Hukuman mati koruptor dianggap basi dan keliru

Alih-alih mewacanakan hukuman mati bagi koruptor, Presiden Jokowi diminta membenahi sistem hukum kriminal di Indonesia.

Presiden Joko Widodo saat pembukaan Kongres XXV KOWANI di Istana Negara, Jakarta, Selasa (3/12). /Antara Foto

Alih-alih mewacanakan hukuman mati bagi koruptor, Presiden Joko Widodo (Jokowi) diminta membenahi sistem hukum kriminal di Indonesia. Menurut Direktur Eksekutif Setara Institute Ismail Hasani, kasus-kasus korupsi dan narkoba kerap marak karena sistem hukum di Indonesia tak menimbulkan efek jera. 

"Kuncinya adalah kesungguhan. Kalau memang sungguh-sungguh mau berantas (korupsi dan narkoba), saya yakin negara dan aparat bisa (melakukan) tanpa hukuman mati," ujar Ismail kepada wartawan di Jakarta, Selasa (10/12). 
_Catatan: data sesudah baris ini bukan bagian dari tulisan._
lemma Ftau'_correction:
  assumes u: "u \<in> Ftau_set" "supported_in {p..q} u" and k: "k \<in> Ftau_set" and pq: "0 \<le> p" "q \<le> 1"
  obtains w where "w \<in> Ftau_set" "supported_in {k p..k q} w" "u \<circ> w \<in> Ftau'"
proof
  show "k \<circ> finv u \<circ> finv k \<in> Ftau_set" using u k Ftau_comp Ftau_inv by blast
  show "supported_in {k p..k q} (k \<circ> finv u \<circ> finv k)"
    using supported_in_conj_Ftau[OF k supported_in_inv[OF bij_is_inj[OF Ftau_bij[OF u(1)]] u(2)]] pq .
  have "u \<circ> (k \<circ> finv u \<circ> finv k) = commutator u k" unfolding commutator_def by (simp add: o_assoc)
  then show "u \<circ> (k \<circ> finv u \<circ> finv k) \<in> Ftau'" using commutator_in_Ftau' u(1) k by simp
qed

section \<open>Normal subgroups of \<open>F\<^sub>\<tau>\<close>\<close>

lemma exists_displaced_interval:
  fixes g :: "real \<Rightarrow> real"
  assumes cont: "continuous_on {0..1} g" and x0: "0 < x0" "x0 < 1" and moved: "g x0 \<noteq> x0"
  shows "\<exists>l r. 0 < l \<and> l < r \<and> r < 1 \<and> (\<forall>t\<in>{l<..<r}. g t \<notin> {l<..<r})"
proof -
  define e where "e = \<bar>g x0 - x0\<bar>"
  have e: "e > 0" unfolding e_def using moved by simp
  obtain d where d: "d > 0" "\<forall>t\<in>{0..1}. dist t x0 < d \<longrightarrow> dist (g t) (g x0) < e / 3"
    using cont x0 e unfolding continuous_on_iff by (metis atLeastAtMost_iff divide_pos_pos less_imp_le zero_less_numeral)
  define \<delta> where "\<delta> = min d (min (e / 3) (min (x0 / 2) ((1 - x0) / 2)))"
  have "\<delta> > 0" unfolding \<delta>_def using d e x0 by simp
  moreover have "\<delta> \<le> d" "\<delta> \<le> e / 3" "\<delta> \<le> x0 / 2" "\<delta> \<le> (1 - x0) / 2"
    unfolding \<delta>_def by (simp_all only: min.cobounded1 min.coboundedI2)
  ultimately have \<delta>: "\<delta> > 0" "\<delta> \<le> d" "\<delta> \<le> e / 3" "\<delta> \<le> x0 / 2" "\<delta> \<le> (1 - x0) / 2"
    by blast+
  have "g t \<notin> {x0 - \<delta><..<x0 + \<delta>}" if t: "t \<in> {x0 - \<delta><..<x0 + \<delta>}" for t
  proof -
    have "t \<in> {0..1}" "dist t x0 < d" using t x0 \<delta> by (auto simp: dist_real_def)
    then have "\<bar>g t - g x0\<bar> < e / 3" using d(2) by (auto simp: dist_real_def)
    moreover have "e \<le> \<bar>g t - x0\<bar> + \<bar>g t - g x0\<bar>" unfolding e_def by linarith
    ultimately have "\<delta> < \<bar>g t - x0\<bar>" using \<delta>(3) by linarith
    then show ?thesis by auto
  qed
  moreover have "0 < x0 - \<delta>" "x0 + \<delta> < 1" using x0 \<delta> by auto
  ultimately show ?thesis using \<delta>(1) by (intro exI[of _ "x0 - \<delta>"] exI[of _ "x0 + \<delta>"]) auto
qed

abbreviation Ftau'_group :: "(real \<Rightarrow> real) monoid" where
  "Ftau'_group \<equiv> Ftau\<lparr>carrier := Ftau'\<rparr>"

lemma group_Ftau'_group: "group Ftau'_group"
  using group.subgroup_imp_group[OF group_Ftau subgroup_Ftau'] .

lemma inv_Ftau'_group: "x \<in> Ftau' \<Longrightarrow> inv\<^bsub>Ftau'_group\<^esub> x = finv x"
  using group.m_inv_consistent[OF group_Ftau subgroup_Ftau'] inv_Ftau Ftau'_subset by fastforce

locale displacing_normal_subgroup =
  fixes H :: "(real \<Rightarrow> real) set" and g :: "real \<Rightarrow> real" and l r :: real
  assumes normal: "H \<lhd> Ftau'_group"
    and g_mem: "g \<in> H"
    and interval: "0 < l" "l < r" "r < 1"
    and displaces: "\<forall>t\<in>{l<..<r}. g t \<notin> {l<..<r}"
begin

lemma H_subset: "H \<subseteq> Ftau'"
  using normal_imp_subgroup[OF normal] subgroup.subset by fastforce

lemma H_Ftau: "h \<in> H \<Longrightarrow> h \<in> Ftau_set"
  using H_subset Ftau'_subset by blast

lemma H_bij: "h \<in> H \<Longrightarrow> bij h"
  using H_Ftau Ftau_bij by blast

lemma H_comp: "h1 \<in> H \<Longrightarrow> h2 \<in> H \<Longrightarrow> h1 \<circ> h2 \<in> H"
  using subgroup.m_closed[OF normal_imp_subgroup[OF normal]] by simp

lemma H_inv: "h \<in> H \<Longrightarrow> finv h \<in> H"
  using subgroup.m_inv_closed[OF normal_imp_subgroup[OF normal]] inv_Ftau'_group H_subset by fastforce

lemma H_conj: "d \<in> Ftau' \<Longrightarrow> h \<in> H \<Longrightarrow> d \<circ> h \<circ> finv d \<in> H"
  using normal.inv_op_closed2[OF normal] inv_Ftau'_group by fastforce

lemma commutator_mem_if_supported_in_displaced:
  assumes x: "x \<in> Ftau'" "supported_in {l<..<r} x" and y: "y \<in> Ftau'" "supported_in {l<..<r} y"
  shows "commutator x y \<in> H"
proof -
  have bij: "bij g" "bij x" "bij y" using g_mem H_bij x y Ftau'_subset Ftau_bij by auto
  define z where "z = g \<circ> finv x \<circ> finv g"
  have bij_z: "bij z" unfolding z_def using bij by (simp add: bij_comp bij_imp_bij_inv)
  have "supported_in (g ` {l<..<r}) z"
    unfolding z_def using supported_in_conj[OF bij_is_surj supported_in_inv] bij bij_is_inj x(2) by blast
  moreover have "g ` {l<..<r} \<inter> {l<..<r} = {}" using displaces by blast
  ultimately have "z \<circ> y = y \<circ> z"
    using supported_in_disjoint_commute[OF bij_is_inj[OF bij_z] bij_is_inj[OF bij(3)] _ y(2)] by blast
  then have "commutator (x \<circ> z) y = commutator x y" by (rule commutator_comp_commuting[OF bij(2) bij_z])
  moreover have "commutator x g = x \<circ> z" unfolding commutator_def z_def by (simp add: o_assoc)
  moreover have xg: "commutator x g \<in> H"
    unfolding commutator_def using H_comp[OF H_conj[OF x(1) g_mem] H_inv[OF g_mem]] by (simp add: o_assoc)
  moreover have "commutator (commutator x g) y = commutator x g \<circ> (y \<circ> finv (commutator x g) \<circ> finv y)"
    unfolding commutator_def[of "commutator x g"] by (simp add: o_assoc)
  then have "commutator (commutator x g) y \<in> H" using H_comp[OF xg H_conj[OF y(1) H_inv[OF xg]]] by simp
  ultimately show ?thesis by simp
qed

lemma commutator_mem_if_compactly_supported_in_Ftau':
  assumes x: "x \<in> Ftau'" "supported_in {p..q} x" and y: "y \<in> Ftau'" "supported_in {p..q} y"
    and pq: "0 < p" "p \<le> q" "q < 1"
  shows "commutator x y \<in> H"
proof -
  obtain d where d: "d \<in> Ftau'" "d ` {p..q} \<subseteq> {l<..<r}" using Ftau'_squeeze[OF interval pq] by blast
  have bij: "bij d" "bij x" "bij y" using d x y Ftau'_subset Ftau_bij by auto
  have "d \<circ> x \<circ> finv d \<in> Ftau'" "d \<circ> y \<circ> finv d \<in> Ftau'"
    using Ftau'_comp Ftau'_inv d(1) x(1) y(1) by blast+
  moreover have "supported_in {l<..<r} (d \<circ> x \<circ> finv d)" "supported_in {l<..<r} (d \<circ> y \<circ> finv d)"
    using supported_in_mono[OF supported_in_conj[OF bij_is_surj[OF bij(1)]] d(2)] x(2) y(2) by blast+
  ultimately have "d \<circ> commutator x y \<circ> finv d \<in> H"
    using commutator_mem_if_supported_in_displaced conj_commutator[OF bij] by simp
  then have "finv d \<circ> (d \<circ> commutator x y \<circ> finv d) \<circ> finv (finv d) \<in> H"
    using H_conj Ftau'_inv d(1) by blast
  then show ?thesis using bij(1) by (simp add: inv_inv_eq fun_eq_iff comp_def)
qed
Ismail memaparkan sejumlah persoalan yang membuat sistem hukum kriminal miskin efek jera, di antaranya buruknya manajemen lapas dan pemberian remisi terhadap koruptor. "Ini soal cara penegakan hukum. Kita bisa periksa bagaimana manajemen lapas kita. Lapas kita amat buruk manajemennya," kata Ismail. 

Wacana hukuman mati bagi koruptor muncul saat Presiden Jokowi menghadiri peringatan Hari Antikorupsi Sedunia di SMKN 57 Ragunan, Jakarta Selatan, (9/12). Saat itu, siswa kelas XII jurusan Tata Boga SMK 57 Harli Hermansyah bertanya kepada Jokowi kenapa koruptor tak dihukum mati. 

Menurut Jokowi, hukuman mati bagi koruptor kebanyakan tidak dimungkinkan oleh undang-undang. "Kalau korupsi bencana alam dimungkinan. Kalau enggak, tidak. Misalnya, ada gempa (dan) tsunami di Aceh atau di NTB (dan) kita ada anggaran untuk penanggulangan bencana. Duit itu dikorupsi. Bisa (kena hukuman mati)," ujar Jokowi.